After discussion with the nurse she told me during the MDT meeting one consultant wanted me to have a CT scan first when the normal process is to have the SLNB and if shows anything to then have CT scan. The other professionals in the meeting wanted the usual route of SLNB and surgery. It was the decided that they would allow the patient to make the decision. That’s me and I really don’t know 
I opted for the biopsy first but can’t stop worrying as to why I was offered ct scan, why one consultant put their neck out to go against the grain. Apparently it is because I am young, 39!
She explained to me the risks of a ct scan but now worried if I’ve made the right decision.  I also need further removal to the area (2cm) which will potentially involve a skin graft. 

I waited almost a year from referral due to minor surgery not doing surgery due to covid-19. Poor decisions from my GP practice and had to fight to be referred to another hospital that was conducting surgery. If they moved quicker would I be in this position! 
so upset, worried, anxious like I suppose everyone will be. Do I tell my kids (11 and 8) I just don’t know what is for the best anymore. 

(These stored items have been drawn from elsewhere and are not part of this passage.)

(* For every finite simple graph $G$, $\mathrm{SEDF}^0(G)\subseteq \mathrm{SEDF}(G)$.
   Context: For a simple graph $G$ and $f:E(G)\to\{1,-1\}$, write $f(v)=\sum_{e\in E_G(v)}f(e)$ for $v\in V(G)$, where $E_G(v)$ is the set of edges incident with $v$. $\mathrm{SEDF}(G)$ is the set of functions $f:E(G)\to\{1,-1\}$ with $\sum_{e'\in N[e]}f(e')\ge1$ for every edge $e=uv$, where $N[e]=E_G(u)\cup E_G(v)$. $\mathrm{SEDF}^0(G)$ is the set of functions $f:E(G)\to\{1,-1\}$ such that (a) $f(v)\ge 0$ for all $v\in V(G)$, and (b) $f(u)+f(v)\ge 2$ for every edge $e=uv$ with $f(e)=1$. *)

theory Defs
  imports Main
begin

definition simple_graph :: "'a set \<Rightarrow> 'a set set \<Rightarrow> bool" where
  "simple_graph V E \<longleftrightarrow> finite V \<and> (\<forall>e\<in>E. e \<subseteq> V \<and> card e = 2)"

definition inc_edges :: "'a set set \<Rightarrow> 'a \<Rightarrow> 'a set set" where
  "inc_edges E v = {e\<in>E. v \<in> e}"

definition vsum :: "'a set set \<Rightarrow> ('a set \<Rightarrow> int) \<Rightarrow> 'a \<Rightarrow> int" where
  "vsum E f v = (\<Sum>e\<in>inc_edges E v. f e)"

text \<open>Functions E(G) -> {1,-1} (values outside E fixed to 0 so they are determined by E).\<close>
definition sign_funs :: "'a set set \<Rightarrow> ('a set \<Rightarrow> int) set" where
  "sign_funs E = {f. (\<forall>e\<in>E. f e = 1 \<or> f e = -1) \<and> (\<forall>e. e \<notin> E \<longrightarrow> f e = 0)}"

definition SEDF :: "'a set \<Rightarrow> 'a set set \<Rightarrow> ('a set \<Rightarrow> int) set" where
  "SEDF V E = {f \<in> sign_funs E.
     \<forall>u v. {u, v} \<in> E \<longrightarrow> (\<Sum>e'\<in>inc_edges E u \<union> inc_edges E v. f e') \<ge> 1}"

definition SEDF0 :: "'a set \<Rightarrow> 'a set set \<Rightarrow> ('a set \<Rightarrow> int) set" where
  "SEDF0 V E = {f \<in> sign_funs E.
     (\<forall>v\<in>V. vsum E f v \<ge> 0) \<and>
     (\<forall>u v. {u, v} \<in> E \<longrightarrow> f {u, v} = 1 \<longrightarrow> vsum E f u + vsum E f v \<ge> 2)}"

end

theory Submission
  imports Defs
begin

text \<open>The closed neighbourhood of an edge \<open>uv\<close> counts \<open>uv\<close> itself twice in \<open>f(u) + f(v)\<close>, so its
  sum is \<open>f(u) + f(v) - f(uv)\<close>. If \<open>f(uv) = -1\<close> this is at least \<open>0 + 0 + 1\<close>; if \<open>f(uv) = 1\<close>
  it is at least \<open>2 - 1\<close>.\<close>

lemma simple_graph_finite_edges:
  assumes "simple_graph V E"
  shows "finite E"
proof -
  have "E \<subseteq> Pow V" and "finite V" using assms by (auto simp: simple_graph_def)
  then show ?thesis by (meson finite_Pow_iff finite_subset)
qed

lemma simple_graph_edge_unique:
  assumes "simple_graph V E" and "e \<in> E" and "{u, v} \<in> E" and "u \<in> e" and "v \<in> e"
  shows "e = {u, v}"
proof -
  have "card e = 2" "card {u, v} = 2" using assms(1-3) by (auto simp: simple_graph_def)
  then have "finite e" by (simp add: card_ge_0_finite)
  moreover have "{u, v} \<subseteq> e" using assms(4,5) by blast
  ultimately show ?thesis using card_subset_eq \<open>card e = 2\<close> \<open>card {u, v} = 2\<close> by metis
qed

lemma inc_edges_Int_edge:
  assumes "simple_graph V E" and "{u, v} \<in> E"
  shows "inc_edges E u \<inter> inc_edges E v = {{u, v}}"
proof
  show "inc_edges E u \<inter> inc_edges E v \<subseteq> {{u, v}}"
    using simple_graph_edge_unique[OF assms(1) _ assms(2)] by (auto simp: inc_edges_def)
  show "{{u, v}} \<subseteq> inc_edges E u \<inter> inc_edges E v"
    using assms(2) by (simp add: inc_edges_def)
qed

lemma sum_edge_neighbourhood:
  assumes "simple_graph V E" and "{u, v} \<in> E"
  shows "(\<Sum>e\<in>inc_edges E u \<union> inc_edges E v. f e) = vsum E f u + vsum E f v - f {u, v}"
proof -
  have "finite (inc_edges E w)" for w
    using simple_graph_finite_edges[OF assms(1)] by (simp add: inc_edges_def)
  then show ?thesis
    using sum_Un[of "inc_edges E u" "inc_edges E v" f] inc_edges_Int_edge[OF assms]
    by (simp add: vsum_def)
qed

theorem lemma2p1:
  fixes V :: "'a set" and E :: "'a set set"
  assumes "simple_graph V E"
  shows "SEDF0 V E \<subseteq> SEDF V E"
proof
  fix f assume f: "f \<in> SEDF0 V E"
  have "(\<Sum>e\<in>inc_edges E u \<union> inc_edges E v. f e) \<ge> 1" if uv: "{u, v} \<in> E" for u v
  proof -
    have "u \<in> V" "v \<in> V" using assms uv by (auto simp: simple_graph_def)
    then have "vsum E f u \<ge> 0" "vsum E f v \<ge> 0"
      and "f {u, v} = 1 \<Longrightarrow> vsum E f u + vsum E f v \<ge> 2"
      and "f {u, v} = 1 \<or> f {u, v} = -1"
      using f uv by (auto simp: SEDF0_def sign_funs_def)
    then show ?thesis using sum_edge_neighbourhood[OF assms uv, of f] by linarith
  qed
  then show "f \<in> SEDF V E" using f by (simp add: SEDF_def SEDF0_def)
qed

end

putting all of this out there to see if get feedback from people who are not emotionally involved 

  • Hi and a very warm welcome to the online community

    I'm sorry to read that you have recently been diagnosed with melanoma. I was diagnosed 4 years ago with an ulcerated melanoma that was 1.45mm thick so have a good idea how you're feeling right now.

    It sounds like having decided to have surgery (wide local excision) and a SLNB you are now wondering if you should have opted for a CT scan. It's important that you're happy with any decision that you make so it might be an idea to ask to speak to your consultant again so that you can fully understand the logic behind having a CT scan first as opposed to only having one if cancer cells are found in the SLNB.

    It's impossible to know if your GP surgery had correctly referred you under the two week referral system whether it would have changed where you are now so try not to worry about what might have been but just concentrate on where you are now.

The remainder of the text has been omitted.